Public Transport in Tanzania: The ‘Dale Dale’

A quick and cheap way of getting around, if you don’t mind death-defying driving, sardine-like people-packing or being handed a child/chicken to hold on your lap for the entire journey. A ‘Dale Dale’ ( dar-lay dar-lay) is a minibus taken to various stops in and out of town. A 20 minute ride costs about 30p.

Your best chances of catching a ride is to find the nearest ‘station’, as it were – a sort of large gathering zone where many start their routes. It basically looks like a large herd of white minivans surrounded by drivers shouting and packing as many people into their vans as they can possibly hold.

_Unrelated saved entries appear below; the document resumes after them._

lemma stab_proj_surj_if_complement_transitive:
  assumes dprod: "internal_dprod V M T n" and i: "i < n" and \<alpha>: "\<alpha> \<in> V"
    and trans: "transitive_on (generate (BijGroup V) (\<Union>j\<in>{0..<n} - {i}. T j)) (perm_orbit M \<alpha>)"
    and x: "x \<in> T i"
  obtains u where "\<forall>j<n. u j \<in> T j" "list_prod V u n \<in> stab M \<alpha>" "u i = x"
proof -
  let ?B = "BijGroup V"
  interpret commuting_factors ?B T n
    using dprod by (rule internal_dprod_commuting_factors)
  have M: "M = {ordered_prod t n | t. \<forall>j<n. t j \<in> T j}"
    using dprod by (simp add: internal_dprod_def list_prod_eq_ordered_prod)
  have one_T: "\<forall>j<n. \<one>\<^bsub>?B\<^esub> \<in> T j"
    using factor_one by blast
  define e where "e = (\<lambda>k. if k = i then x else \<one>\<^bsub>?B\<^esub>)"
  have e: "\<forall>j<n. e j \<in> T j" "ordered_prod e n = x"
    unfolding e_def using single_factor_tuple[OF i x] .
  have "ordered_prod (\<lambda>_. \<one>\<^bsub>?B\<^esub>) n \<in> M" "ordered_prod e n \<in> M"
    unfolding M using one_T e(1) by blast+
  then have "\<one>\<^bsub>?B\<^esub> \<in> M" "x \<in> M" using e(2) by simp_all
  then have "\<one>\<^bsub>?B\<^esub> \<alpha> \<in> perm_orbit M \<alpha>" "x \<alpha> \<in> perm_orbit M \<alpha>"
    unfolding perm_orbit_def by blast+
  then have "\<alpha> \<in> perm_orbit M \<alpha>" "x \<alpha> \<in> perm_orbit M \<alpha>"
    using BijGroup_one_apply[OF \<alpha>] by simp_all
  with trans obtain g where g: "g \<in> generate ?B (\<Union>j\<in>{0..<n} - {i}. T j)" and "g \<alpha> = x \<alpha>"
    unfolding transitive_on_def by blast
  obtain s where s: "\<forall>j<n. s j \<in> T j" "s i = \<one>\<^bsub>?B\<^esub>" "g = ordered_prod s n"
    using generate_other_factors[OF g] by blast
  have carr: "g \<in> carrier ?B" "x \<in> carrier ?B"
    using tuple_prod_closed[OF s(1)] s(3) factor_carrier[OF i x] by simp_all
  define u where "u = (\<lambda>j. inv\<^bsub>?B\<^esub> s j \<otimes>\<^bsub>?B\<^esub> e j)"
  have inv_s: "\<forall>j<n. inv\<^bsub>?B\<^esub> s j \<in> T j"
    using s factor_inv by blast
  have u: "\<forall>j<n. u j \<in> T j" "u i = x"
    using inv_s e(1) s(2) carr(2) factor_mult by (simp_all add: u_def e_def)
  have u_prod: "ordered_prod u n = inv\<^bsub>?B\<^esub> g \<otimes>\<^bsub>?B\<^esub> x"
    using ordered_prod_mult[OF inv_s e(1)] ordered_prod_inv[OF s(1)] s(3) e(2) by (simp add: u_def)
  have "(inv\<^bsub>?B\<^esub> g \<otimes>\<^bsub>?B\<^esub> x) \<alpha> = (inv\<^bsub>?B\<^esub> g) (g \<alpha>)"
    using carr \<alpha> \<open>g \<alpha> = x \<alpha>\<close> by (simp add: BijGroup_mult_apply)
  also have "\<dots> = \<alpha>"
    using carr \<alpha> BijGroup_mult_apply[of "inv\<^bsub>?B\<^esub> g" V g \<alpha>] by (simp add: BijGroup_one_apply)
  finally have "(inv\<^bsub>?B\<^esub> g \<otimes>\<^bsub>?B\<^esub> x) \<alpha> = \<alpha>" .
  moreover have "ordered_prod u n \<in> M"
    unfolding M using u(1) by blast
  ultimately have "list_prod V u n \<in> stab M \<alpha>"
    unfolding stab_def list_prod_eq_ordered_prod using u_prod by simp
  then show ?thesis by (rule that[OF u(1) _ u(2)])
qed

The first thing to note is that the locals take their people-cramming skills to a serious level. The other issue is the stops: seeing where you are, or where to get off, can be difficult through the narrow windows. Furthermore, with the sheer kamikaze speed that the van hurtles at one can only usually only make out blurs of browns and greens dotted with the colours of vintage coca cola signs, the goods of street vendors and the bright clashes of Masai clothes. So long as you ask for your stop if you’re not sure, or go with someone who knows their way around, its pretty easy. Most vans are run by two men: the driver and the money collector, and if you’re crammed in behind the front seats there is a standard passing forward of money that becomes a very routine procedure after your first few rides.

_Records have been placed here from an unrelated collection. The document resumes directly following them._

lemma descent_dir_improves:
  assumes "finite S" "\<forall>a\<in>S. rat_vec a" "rat_vec chi"
  shows "v \<in> dual_cone S \<Longrightarrow> dot chi v < 0 \<Longrightarrow> \<exists>A\<subseteq>S. descent_dir chi A \<in> dual_cone S \<and>
    dot chi (descent_dir chi A) < 0 \<and> slope chi (descent_dir chi A) \<le> slope chi v"
proof (induction "card {a\<in>S. 0 < dot a v}" arbitrary: v rule: less_induct)
  case less
  define A where "A = {a\<in>S. dot a v = 0}"
  define p where "p = descent_dir chi A"
  have "A \<subseteq> S" by (auto simp: A_def)
  then have A: "finite A" "\<forall>a\<in>A. rat_vec a" using assms(1,2) finite_subset by auto
  have "v \<in> annihilator A" using less.prems(1) by (auto simp: annihilator_def dual_cone_def A_def)
  from descent_dir_slope_le[OF A assms(3) this less.prems(2)]
  have p_neg: "dot chi p < 0" and p_slope: "slope chi p \<le> slope chi v" by (simp_all add: p_def)
  show ?case
  proof (cases "p \<in> dual_cone S")
    case True
    then show ?thesis using \<open>A \<subseteq> S\<close> p_neg p_slope by (auto simp: p_def)
  next
    case False
    have "p \<in> annihilator A" using descent_dir_props(2)[OF A assms(3)] by (simp add: p_def)
    then have "p \<in> coord_space r" "\<forall>a\<in>S. dot a v = 0 \<longrightarrow> dot a p = 0"
      by (auto simp: annihilator_def A_def)
    with move_to_smaller_face[OF assms(1) less.prems(1) _ False] obtain t where
      t: "0 < t" "t < 1" and v': "(\<lambda>j. (1 - t) * v j + t * p j) \<in> dual_cone S"
      and "{a\<in>S. 0 < dot a (\<lambda>j. (1 - t) * v j + t * p j)} \<subset> {a\<in>S. 0 < dot a v}"
      by blast
    then have card: "card {a\<in>S. 0 < dot a (\<lambda>j. (1 - t) * v j + t * p j)} < card {a\<in>S. 0 < dot a v}"
      using assms(1) by (intro psubset_card_mono) auto
    have "max (slope chi v) (slope chi p) = slope chi v" using p_slope by simp
    then have "dot chi (\<lambda>j. (1 - t) * v j + t * p j) < 0"
      "slope chi (\<lambda>j. (1 - t) * v j + t * p j) \<le> slope chi v"
      using slope_convex_comb_le[OF less.prems(2) p_neg, of t] t by simp_all
    with less.hyps[OF card v'] show ?thesis by (meson order_trans)
  qed
qed
(* In the monoid $M$ defined below, the set $I=C\cup D\cup E\cup\{0\}$, where $C=\{a^pc_i:p,i\in\mathbb{Z}\}$, $D=\{a^pd:p\in\mathbb{Z}\}$, $E=\{a^pe:p\in\mathbb{Z}\}$, is an rf-compatible ideal of $M$, and $N=(M\setminus I)\cup\{0\}=\{a^p\}\cup\{a^pb_i\}\cup\{0\}$ is a submonoid of $M$.
   Context: Let $\tau:\mathbb{Z}\setminus\{0\}\to\mathbb{Z}$, $\tau(2^k(2r+1))=\frac{2}{3}(2^{2\lceil k/2\rceil}-1)$ ($k,r\in\mathbb{Z}$, $k\ge0$). Let $M$ be the commutative monoid with zero $0$ given by generators $a,a^{-1},b_i,c_i$ ($i\in\mathbb{Z}$), $d,e$ and relations $aa^{-1}=a^{-1}a=1$; $b_ic_j=d$ if $i=j$ and $b_ic_j=a^{\tau(j-i)}e$ if $i\neq j$; and $b_ib_j=b_id=b_ie=c_jc_k=c_jd=c_je=dd=de=ee=0$ for all $i,j,k\in\mathbb{Z}$. Its elements have distinct normal forms $a^p$, $a^pb_i$, $a^pc_i$, $a^pd$, $a^pe$ ($p,i\in\mathbb{Z}$) and $0$. An ideal $I$ of a monoid $M$ is rf-compatible with $M$ if for any two distinct $s,t\in I$ there is a congruence $\rho$ of finite index on $I$ with $s/\rho\neq t/\rho$ such that $\rho\cup\Delta_M$ is a congruence on $M$, where $\Delta_M=\{(x,x):x\in M\}$. *)

theory Defs
  imports "HOL-Computational_Algebra.Primes"
begin

text \<open>tau(2^k(2r+1)) = (2/3)(2^(2 ceil(k/2)) - 1); k is the 2-adic valuation.
  The value at 0 is irrelevant (only tau(j-i) with i ~= j is used).\<close>
definition tau :: "int \<Rightarrow> int" where
  "tau n = (let k = multiplicity (2::int) n in 2 * (2 ^ (2 * ((k + 1) div 2)) - 1) div 3)"

text \<open>Elements of M via their normal forms:
  Apow p = a^p, Bel p i = a^p b_i, Cel p i = a^p c_i, Del p = a^p d, Eel p = a^p e, Zero = 0.\<close>
datatype melem = Apow int | Bel int int | Cel int int | Del int | Eel int | Zero

fun mmul :: "melem \<Rightarrow> melem \<Rightarrow> melem" where
  "mmul Zero y = Zero"
| "mmul x Zero = Zero"
| "mmul (Apow p) (Apow q) = Apow (p + q)"
| "mmul (Apow p) (Bel q i) = Bel (p + q) i"
| "mmul (Apow p) (Cel q i) = Cel (p + q) i"
| "mmul (Apow p) (Del q) = Del (p + q)"
| "mmul (Apow p) (Eel q) = Eel (p + q)"
| "mmul (Bel q i) (Apow p) = Bel (p + q) i"
| "mmul (Cel q i) (Apow p) = Cel (p + q) i"
| "mmul (Del q) (Apow p) = Del (p + q)"
| "mmul (Eel q) (Apow p) = Eel (p + q)"
| "mmul (Bel p i) (Cel q j) = (if i = j then Del (p + q) else Eel (p + q + tau (j - i)))"
| "mmul (Cel q j) (Bel p i) = (if i = j then Del (p + q) else Eel (p + q + tau (j - i)))"
| "mmul x y = Zero"

definition mone :: melem where "mone = Apow 0"

definition Cset :: "melem set" where "Cset = {Cel p i | p i. True}"
definition Dset :: "melem set" where "Dset = {Del p | p. True}"
definition Eset :: "melem set" where "Eset = {Eel p | p. True}"
definition Iset :: "melem set" where "Iset = Cset \<union> Dset \<union> Eset \<union> {Zero}"
definition Nset :: "melem set" where "Nset = (UNIV - Iset) \<union> {Zero}"

definition is_ideal :: "('a \<Rightarrow> 'a \<Rightarrow> 'a) \<Rightarrow> 'a set \<Rightarrow> bool" where
  "is_ideal mul I \<longleftrightarrow> I \<noteq> {} \<and> (\<forall>x\<in>I. \<forall>m. mul m x \<in> I \<and> mul x m \<in> I)"

definition is_congruence_on :: "('a \<Rightarrow> 'a \<Rightarrow> 'a) \<Rightarrow> 'a set \<Rightarrow> ('a \<times> 'a) set \<Rightarrow> bool" where
  "is_congruence_on mul S \<rho> \<longleftrightarrow> equiv S \<rho> \<and>
     (\<forall>x y u v. (x, y) \<in> \<rho> \<longrightarrow> (u, v) \<in> \<rho> \<longrightarrow> (mul x u, mul y v) \<in> \<rho>)"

The overall point is that it’s efficient on most levels and, aside from the dangers of capsizing (though there’s enough people crammed in to create a human airbag), it’s safe, in the daytime and in numbers. So if you’re looking for a cheap, convenient and social mode of transport – and by social I mean standing for up to twenty minutes with a stranger’s bottom millimetres from your face – then the ‘Dale Dale’ is for you.